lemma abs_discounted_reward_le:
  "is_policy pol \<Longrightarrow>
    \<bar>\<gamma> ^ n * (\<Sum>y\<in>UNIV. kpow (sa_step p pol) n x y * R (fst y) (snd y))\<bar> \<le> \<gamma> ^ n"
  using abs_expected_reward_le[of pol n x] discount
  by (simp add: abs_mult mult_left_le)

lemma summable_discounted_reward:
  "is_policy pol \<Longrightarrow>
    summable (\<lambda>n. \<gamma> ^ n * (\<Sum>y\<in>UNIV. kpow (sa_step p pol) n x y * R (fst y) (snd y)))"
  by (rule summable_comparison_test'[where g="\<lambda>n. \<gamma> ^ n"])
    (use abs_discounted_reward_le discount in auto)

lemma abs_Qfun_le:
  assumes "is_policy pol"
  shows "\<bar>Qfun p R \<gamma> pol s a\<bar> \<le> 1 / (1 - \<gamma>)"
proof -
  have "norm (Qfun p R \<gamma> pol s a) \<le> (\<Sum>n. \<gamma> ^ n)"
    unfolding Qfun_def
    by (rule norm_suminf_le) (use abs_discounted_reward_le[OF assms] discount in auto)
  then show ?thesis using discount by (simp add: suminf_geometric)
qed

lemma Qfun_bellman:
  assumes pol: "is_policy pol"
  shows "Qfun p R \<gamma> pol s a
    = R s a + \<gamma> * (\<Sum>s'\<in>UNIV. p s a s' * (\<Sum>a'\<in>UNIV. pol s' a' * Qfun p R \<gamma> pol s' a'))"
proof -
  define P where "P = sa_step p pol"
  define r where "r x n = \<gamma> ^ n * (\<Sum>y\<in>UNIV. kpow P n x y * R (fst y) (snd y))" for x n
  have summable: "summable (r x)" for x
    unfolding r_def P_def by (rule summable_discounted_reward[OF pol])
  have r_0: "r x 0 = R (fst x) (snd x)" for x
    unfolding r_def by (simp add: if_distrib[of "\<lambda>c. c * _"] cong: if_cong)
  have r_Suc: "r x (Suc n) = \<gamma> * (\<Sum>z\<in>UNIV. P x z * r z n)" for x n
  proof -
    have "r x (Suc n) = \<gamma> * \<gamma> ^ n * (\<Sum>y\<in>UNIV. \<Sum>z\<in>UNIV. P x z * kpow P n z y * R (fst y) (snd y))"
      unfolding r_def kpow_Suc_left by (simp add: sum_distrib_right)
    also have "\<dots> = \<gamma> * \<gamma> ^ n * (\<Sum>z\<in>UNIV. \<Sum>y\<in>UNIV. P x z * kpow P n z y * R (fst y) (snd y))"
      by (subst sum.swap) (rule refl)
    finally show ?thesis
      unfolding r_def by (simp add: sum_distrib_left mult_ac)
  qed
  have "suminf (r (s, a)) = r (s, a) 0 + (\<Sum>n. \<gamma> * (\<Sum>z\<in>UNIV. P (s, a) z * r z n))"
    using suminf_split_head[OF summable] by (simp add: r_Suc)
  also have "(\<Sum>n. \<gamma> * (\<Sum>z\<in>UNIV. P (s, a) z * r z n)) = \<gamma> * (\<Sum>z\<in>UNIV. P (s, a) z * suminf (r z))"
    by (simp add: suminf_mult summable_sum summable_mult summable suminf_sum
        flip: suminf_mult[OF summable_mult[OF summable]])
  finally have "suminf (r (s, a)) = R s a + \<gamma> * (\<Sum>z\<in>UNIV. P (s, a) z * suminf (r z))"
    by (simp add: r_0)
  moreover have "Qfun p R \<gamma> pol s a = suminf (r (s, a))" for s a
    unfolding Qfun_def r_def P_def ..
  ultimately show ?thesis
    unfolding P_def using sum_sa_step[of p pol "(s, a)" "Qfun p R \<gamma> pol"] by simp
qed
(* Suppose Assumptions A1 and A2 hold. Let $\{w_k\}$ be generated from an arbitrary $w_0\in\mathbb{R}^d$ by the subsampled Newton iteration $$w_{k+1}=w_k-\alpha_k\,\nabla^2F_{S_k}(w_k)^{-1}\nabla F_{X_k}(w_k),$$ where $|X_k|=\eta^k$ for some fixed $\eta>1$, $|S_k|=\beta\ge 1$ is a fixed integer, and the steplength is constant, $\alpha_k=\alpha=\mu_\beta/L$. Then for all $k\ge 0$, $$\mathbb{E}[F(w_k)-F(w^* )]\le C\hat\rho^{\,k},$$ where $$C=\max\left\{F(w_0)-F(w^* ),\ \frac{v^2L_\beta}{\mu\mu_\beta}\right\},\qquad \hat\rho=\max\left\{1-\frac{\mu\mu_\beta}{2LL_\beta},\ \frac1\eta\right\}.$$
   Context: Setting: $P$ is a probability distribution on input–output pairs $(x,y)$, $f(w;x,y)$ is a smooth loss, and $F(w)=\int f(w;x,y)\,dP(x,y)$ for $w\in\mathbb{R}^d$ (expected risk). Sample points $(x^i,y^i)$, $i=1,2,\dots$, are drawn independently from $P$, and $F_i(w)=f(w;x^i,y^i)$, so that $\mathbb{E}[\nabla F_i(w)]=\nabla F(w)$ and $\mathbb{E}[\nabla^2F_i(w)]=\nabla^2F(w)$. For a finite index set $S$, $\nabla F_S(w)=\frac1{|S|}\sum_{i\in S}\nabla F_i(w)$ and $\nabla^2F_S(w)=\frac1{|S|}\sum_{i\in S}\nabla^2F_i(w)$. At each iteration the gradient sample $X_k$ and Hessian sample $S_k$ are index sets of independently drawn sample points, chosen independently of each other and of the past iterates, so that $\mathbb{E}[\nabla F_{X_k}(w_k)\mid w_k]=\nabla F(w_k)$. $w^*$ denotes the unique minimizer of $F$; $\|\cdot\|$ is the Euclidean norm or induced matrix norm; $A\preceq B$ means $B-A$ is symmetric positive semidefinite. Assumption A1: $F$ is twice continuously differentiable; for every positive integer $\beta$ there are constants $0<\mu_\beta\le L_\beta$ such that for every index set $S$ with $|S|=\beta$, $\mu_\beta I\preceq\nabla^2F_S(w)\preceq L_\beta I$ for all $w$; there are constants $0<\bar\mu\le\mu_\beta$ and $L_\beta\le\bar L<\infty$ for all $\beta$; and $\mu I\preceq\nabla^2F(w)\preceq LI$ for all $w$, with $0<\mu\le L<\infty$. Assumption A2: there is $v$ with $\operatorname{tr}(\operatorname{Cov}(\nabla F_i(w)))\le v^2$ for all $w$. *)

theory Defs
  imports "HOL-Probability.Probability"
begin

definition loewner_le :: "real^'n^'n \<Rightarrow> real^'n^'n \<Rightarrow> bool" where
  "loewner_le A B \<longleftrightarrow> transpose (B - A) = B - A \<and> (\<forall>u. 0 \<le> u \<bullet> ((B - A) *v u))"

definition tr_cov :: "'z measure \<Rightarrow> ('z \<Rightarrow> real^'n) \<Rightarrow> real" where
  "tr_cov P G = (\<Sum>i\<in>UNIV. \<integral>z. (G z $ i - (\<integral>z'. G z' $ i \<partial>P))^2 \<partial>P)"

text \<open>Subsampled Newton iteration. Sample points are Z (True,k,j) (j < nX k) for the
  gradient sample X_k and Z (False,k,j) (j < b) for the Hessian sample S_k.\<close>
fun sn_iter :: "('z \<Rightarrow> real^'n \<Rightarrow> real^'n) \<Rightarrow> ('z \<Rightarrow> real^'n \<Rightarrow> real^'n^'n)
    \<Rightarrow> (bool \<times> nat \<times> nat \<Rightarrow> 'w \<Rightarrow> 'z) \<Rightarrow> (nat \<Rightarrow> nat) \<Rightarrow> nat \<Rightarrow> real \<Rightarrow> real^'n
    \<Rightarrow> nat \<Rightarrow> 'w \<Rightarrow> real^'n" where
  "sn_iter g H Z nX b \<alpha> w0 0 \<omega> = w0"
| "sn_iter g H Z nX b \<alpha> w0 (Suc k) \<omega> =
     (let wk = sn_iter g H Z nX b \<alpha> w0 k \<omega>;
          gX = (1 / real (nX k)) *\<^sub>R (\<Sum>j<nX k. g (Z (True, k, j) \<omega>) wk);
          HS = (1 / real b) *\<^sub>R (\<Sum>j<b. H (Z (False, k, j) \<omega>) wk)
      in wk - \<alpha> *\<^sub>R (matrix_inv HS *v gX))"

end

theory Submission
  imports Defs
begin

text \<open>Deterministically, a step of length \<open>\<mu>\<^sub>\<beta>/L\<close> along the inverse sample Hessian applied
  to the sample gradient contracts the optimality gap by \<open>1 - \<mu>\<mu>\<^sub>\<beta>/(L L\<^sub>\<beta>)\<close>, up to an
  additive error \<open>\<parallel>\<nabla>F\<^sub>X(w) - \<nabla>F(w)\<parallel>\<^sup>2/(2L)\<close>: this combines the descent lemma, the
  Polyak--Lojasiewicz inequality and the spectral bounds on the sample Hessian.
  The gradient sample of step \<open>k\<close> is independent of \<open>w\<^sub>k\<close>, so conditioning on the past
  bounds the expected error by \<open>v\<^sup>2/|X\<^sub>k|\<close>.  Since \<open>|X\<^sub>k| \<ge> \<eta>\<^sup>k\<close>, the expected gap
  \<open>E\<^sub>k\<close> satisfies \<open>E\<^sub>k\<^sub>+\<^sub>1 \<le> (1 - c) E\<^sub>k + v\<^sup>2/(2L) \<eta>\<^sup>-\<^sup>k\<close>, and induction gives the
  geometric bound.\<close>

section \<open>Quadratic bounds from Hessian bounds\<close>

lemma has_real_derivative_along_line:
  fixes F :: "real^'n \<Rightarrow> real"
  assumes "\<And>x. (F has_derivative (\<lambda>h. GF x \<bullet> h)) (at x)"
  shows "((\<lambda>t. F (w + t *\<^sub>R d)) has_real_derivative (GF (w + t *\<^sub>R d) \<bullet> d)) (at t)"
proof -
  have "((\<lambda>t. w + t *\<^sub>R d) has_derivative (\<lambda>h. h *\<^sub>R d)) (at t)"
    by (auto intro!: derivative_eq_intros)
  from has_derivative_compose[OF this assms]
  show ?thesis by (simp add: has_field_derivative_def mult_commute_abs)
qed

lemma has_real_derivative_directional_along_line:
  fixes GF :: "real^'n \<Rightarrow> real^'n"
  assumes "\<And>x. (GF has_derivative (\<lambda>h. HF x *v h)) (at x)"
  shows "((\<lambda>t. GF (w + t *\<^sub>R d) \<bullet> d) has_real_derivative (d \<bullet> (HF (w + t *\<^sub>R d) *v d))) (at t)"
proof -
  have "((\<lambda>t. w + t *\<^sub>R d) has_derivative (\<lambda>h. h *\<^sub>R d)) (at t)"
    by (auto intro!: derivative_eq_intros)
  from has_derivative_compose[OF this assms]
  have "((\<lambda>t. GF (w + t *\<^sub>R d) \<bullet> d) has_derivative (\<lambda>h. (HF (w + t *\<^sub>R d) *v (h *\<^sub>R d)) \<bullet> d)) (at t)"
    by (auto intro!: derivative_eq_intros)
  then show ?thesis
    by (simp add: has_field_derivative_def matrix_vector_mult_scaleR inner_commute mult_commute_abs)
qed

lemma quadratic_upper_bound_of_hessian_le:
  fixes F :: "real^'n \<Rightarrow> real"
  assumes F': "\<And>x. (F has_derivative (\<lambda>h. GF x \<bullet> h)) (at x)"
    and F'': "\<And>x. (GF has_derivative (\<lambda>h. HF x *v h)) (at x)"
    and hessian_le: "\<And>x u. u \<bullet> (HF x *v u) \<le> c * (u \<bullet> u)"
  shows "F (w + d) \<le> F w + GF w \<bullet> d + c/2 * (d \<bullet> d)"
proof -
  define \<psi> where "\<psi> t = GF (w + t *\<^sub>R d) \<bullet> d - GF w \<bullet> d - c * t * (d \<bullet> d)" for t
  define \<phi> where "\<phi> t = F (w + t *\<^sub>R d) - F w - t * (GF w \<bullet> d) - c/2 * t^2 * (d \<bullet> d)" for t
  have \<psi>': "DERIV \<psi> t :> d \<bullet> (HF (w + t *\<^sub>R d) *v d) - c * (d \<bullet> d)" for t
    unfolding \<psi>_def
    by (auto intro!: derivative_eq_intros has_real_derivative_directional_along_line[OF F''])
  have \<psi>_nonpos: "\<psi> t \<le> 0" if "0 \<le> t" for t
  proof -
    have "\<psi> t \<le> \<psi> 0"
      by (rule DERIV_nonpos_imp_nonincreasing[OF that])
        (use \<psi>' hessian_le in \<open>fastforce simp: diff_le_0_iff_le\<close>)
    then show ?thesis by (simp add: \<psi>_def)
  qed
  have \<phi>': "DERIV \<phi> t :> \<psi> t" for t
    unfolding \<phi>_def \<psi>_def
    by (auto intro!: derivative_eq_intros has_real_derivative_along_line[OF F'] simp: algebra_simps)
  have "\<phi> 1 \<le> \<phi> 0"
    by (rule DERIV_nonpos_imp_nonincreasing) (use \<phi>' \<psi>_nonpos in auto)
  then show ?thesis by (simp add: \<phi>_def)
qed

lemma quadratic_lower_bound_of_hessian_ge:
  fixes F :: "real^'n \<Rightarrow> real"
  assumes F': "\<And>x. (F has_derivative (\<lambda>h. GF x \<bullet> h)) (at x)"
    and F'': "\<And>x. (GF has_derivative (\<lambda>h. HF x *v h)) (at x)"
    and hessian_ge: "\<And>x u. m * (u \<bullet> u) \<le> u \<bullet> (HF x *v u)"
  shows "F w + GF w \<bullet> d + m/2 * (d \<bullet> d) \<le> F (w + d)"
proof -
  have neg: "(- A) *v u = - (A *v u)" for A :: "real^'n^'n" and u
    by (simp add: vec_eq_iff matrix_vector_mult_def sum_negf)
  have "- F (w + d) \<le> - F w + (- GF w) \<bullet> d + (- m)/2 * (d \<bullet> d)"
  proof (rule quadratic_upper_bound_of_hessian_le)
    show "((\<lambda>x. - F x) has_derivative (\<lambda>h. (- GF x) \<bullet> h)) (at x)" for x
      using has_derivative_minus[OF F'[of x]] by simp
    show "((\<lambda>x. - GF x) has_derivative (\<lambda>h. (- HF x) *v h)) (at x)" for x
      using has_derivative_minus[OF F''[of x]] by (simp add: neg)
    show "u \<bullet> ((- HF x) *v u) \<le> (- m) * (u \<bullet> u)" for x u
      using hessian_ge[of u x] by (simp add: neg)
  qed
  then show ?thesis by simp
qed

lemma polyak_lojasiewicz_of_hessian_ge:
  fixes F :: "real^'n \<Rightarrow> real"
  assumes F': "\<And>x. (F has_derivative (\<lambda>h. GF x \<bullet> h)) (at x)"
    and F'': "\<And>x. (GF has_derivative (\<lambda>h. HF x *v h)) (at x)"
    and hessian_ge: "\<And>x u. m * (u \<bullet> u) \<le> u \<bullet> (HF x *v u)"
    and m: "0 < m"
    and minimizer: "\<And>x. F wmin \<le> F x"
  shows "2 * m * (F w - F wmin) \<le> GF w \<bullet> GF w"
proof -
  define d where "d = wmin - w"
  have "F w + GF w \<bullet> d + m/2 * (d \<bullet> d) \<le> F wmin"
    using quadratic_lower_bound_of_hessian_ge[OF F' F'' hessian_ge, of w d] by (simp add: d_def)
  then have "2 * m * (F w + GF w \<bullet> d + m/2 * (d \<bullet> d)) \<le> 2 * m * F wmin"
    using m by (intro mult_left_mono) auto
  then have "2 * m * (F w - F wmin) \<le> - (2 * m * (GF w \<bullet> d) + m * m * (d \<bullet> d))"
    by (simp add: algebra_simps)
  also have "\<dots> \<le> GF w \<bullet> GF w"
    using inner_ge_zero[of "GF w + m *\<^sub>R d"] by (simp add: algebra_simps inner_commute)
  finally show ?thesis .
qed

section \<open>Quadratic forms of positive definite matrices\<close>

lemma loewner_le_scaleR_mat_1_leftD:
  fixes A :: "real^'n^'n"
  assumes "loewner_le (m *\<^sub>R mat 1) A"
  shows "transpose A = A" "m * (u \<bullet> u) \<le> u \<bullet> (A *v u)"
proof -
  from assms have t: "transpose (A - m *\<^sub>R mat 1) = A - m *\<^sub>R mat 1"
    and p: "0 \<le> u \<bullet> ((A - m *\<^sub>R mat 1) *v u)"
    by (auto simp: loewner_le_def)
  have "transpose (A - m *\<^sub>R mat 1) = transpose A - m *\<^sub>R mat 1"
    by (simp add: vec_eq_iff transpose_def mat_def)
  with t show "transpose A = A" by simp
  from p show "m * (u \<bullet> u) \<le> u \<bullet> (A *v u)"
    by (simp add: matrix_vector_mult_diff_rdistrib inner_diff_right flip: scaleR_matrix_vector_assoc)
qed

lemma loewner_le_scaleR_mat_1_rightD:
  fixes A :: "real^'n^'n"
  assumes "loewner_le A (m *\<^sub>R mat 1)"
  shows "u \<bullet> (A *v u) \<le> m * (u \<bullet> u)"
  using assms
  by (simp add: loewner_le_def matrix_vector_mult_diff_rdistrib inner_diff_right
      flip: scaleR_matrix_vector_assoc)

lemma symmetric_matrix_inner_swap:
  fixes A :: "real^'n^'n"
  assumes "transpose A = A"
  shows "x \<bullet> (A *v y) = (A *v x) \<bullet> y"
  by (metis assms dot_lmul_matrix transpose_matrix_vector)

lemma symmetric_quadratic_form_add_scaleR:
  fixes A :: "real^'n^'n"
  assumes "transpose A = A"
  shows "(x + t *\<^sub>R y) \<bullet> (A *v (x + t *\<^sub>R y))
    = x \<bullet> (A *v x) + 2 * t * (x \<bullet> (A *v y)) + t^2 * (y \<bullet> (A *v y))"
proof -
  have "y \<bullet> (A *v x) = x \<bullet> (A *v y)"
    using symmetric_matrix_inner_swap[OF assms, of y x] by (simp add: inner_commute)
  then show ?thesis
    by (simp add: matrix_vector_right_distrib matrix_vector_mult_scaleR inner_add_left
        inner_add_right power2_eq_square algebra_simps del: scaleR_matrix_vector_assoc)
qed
————
**AIM OF THE TASK**
Among the records above, find the lines that contain "definition" and copy every one.

**TASK RESPONSE**
definition loewner_le :: "real^'n^'n \<Rightarrow> real^'n^'n \<Rightarrow> bool" where
definition tr_cov :: "'z measure \<Rightarrow> ('z \<Rightarrow> real^'n) \<Rightarrow> real" where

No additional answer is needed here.